Records from a data source
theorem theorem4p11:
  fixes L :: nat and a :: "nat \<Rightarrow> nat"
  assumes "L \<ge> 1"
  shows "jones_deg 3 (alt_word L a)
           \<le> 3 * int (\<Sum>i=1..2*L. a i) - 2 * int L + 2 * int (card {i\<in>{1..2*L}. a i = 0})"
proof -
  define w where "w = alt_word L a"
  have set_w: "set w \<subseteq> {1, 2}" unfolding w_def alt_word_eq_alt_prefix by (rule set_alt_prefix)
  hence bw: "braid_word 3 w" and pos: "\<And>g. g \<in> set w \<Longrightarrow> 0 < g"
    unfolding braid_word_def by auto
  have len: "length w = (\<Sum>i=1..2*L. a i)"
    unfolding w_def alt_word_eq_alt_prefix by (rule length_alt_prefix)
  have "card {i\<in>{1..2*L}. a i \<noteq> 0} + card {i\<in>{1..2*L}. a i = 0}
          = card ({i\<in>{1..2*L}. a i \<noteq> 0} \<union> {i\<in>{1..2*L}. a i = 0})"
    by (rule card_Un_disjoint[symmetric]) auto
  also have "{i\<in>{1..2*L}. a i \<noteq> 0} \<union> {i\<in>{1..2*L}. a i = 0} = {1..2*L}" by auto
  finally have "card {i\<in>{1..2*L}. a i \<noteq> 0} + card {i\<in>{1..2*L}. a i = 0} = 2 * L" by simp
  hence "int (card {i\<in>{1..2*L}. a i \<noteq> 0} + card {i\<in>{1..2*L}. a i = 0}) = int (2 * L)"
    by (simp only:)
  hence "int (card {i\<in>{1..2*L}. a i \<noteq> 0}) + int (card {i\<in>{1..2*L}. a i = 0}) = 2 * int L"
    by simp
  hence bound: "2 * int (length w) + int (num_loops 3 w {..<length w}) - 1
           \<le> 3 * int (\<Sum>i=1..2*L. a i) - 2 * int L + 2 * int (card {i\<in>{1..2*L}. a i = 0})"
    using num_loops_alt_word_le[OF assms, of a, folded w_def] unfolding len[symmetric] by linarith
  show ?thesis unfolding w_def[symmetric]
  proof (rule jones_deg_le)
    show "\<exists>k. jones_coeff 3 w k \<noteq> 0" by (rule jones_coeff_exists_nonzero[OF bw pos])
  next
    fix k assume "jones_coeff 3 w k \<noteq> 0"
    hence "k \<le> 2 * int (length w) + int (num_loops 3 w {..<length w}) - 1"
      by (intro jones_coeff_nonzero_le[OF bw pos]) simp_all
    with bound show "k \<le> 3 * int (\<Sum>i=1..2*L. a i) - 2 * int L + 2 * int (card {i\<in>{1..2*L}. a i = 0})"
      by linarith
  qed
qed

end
==
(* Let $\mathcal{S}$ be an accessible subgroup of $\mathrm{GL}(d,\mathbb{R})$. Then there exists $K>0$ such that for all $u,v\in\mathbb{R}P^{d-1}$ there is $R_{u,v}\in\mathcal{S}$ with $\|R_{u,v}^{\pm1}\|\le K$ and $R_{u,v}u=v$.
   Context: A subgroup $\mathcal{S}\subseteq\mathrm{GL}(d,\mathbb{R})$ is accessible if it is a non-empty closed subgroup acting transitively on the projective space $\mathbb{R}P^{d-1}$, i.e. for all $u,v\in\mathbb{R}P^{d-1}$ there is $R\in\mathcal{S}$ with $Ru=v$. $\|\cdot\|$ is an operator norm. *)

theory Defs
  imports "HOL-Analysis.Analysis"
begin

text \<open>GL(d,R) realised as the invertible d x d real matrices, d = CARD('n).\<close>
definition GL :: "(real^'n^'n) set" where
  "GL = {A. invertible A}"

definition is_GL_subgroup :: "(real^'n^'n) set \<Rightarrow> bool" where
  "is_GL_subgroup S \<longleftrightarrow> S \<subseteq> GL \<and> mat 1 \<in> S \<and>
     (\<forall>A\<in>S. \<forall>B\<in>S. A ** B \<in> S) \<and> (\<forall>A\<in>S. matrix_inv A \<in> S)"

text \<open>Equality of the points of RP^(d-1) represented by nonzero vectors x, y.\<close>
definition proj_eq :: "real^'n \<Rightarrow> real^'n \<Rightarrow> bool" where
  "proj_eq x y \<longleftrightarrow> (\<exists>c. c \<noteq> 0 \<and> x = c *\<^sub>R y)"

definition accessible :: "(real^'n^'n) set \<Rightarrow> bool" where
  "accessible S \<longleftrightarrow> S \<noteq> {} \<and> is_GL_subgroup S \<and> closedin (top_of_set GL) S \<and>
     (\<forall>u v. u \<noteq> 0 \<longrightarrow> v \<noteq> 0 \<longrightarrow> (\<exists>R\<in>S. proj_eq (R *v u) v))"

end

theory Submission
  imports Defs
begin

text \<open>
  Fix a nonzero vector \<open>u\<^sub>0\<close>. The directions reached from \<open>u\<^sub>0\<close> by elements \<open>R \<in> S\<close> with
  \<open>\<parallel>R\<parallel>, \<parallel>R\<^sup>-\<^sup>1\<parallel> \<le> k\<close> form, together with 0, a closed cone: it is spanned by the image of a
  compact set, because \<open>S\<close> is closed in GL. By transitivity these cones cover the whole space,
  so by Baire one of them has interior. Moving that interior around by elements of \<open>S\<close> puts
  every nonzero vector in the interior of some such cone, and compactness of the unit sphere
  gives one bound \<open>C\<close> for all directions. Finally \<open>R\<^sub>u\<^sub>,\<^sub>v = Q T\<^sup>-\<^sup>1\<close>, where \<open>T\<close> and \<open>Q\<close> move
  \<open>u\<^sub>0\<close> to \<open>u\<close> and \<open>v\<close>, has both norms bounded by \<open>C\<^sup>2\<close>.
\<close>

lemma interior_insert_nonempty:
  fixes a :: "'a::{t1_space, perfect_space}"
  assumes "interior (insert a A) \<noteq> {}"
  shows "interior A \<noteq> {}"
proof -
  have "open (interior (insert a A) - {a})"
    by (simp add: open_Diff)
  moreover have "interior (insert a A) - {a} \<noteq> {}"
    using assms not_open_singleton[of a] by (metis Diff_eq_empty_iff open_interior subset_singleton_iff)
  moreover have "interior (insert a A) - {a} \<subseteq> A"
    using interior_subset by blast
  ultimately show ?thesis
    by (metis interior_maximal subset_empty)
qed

● **What needs to be done**:
Looking at the records above, in how many lines does the word "imports" occur? Reply with the number alone.

● **Result of this exercise**:
2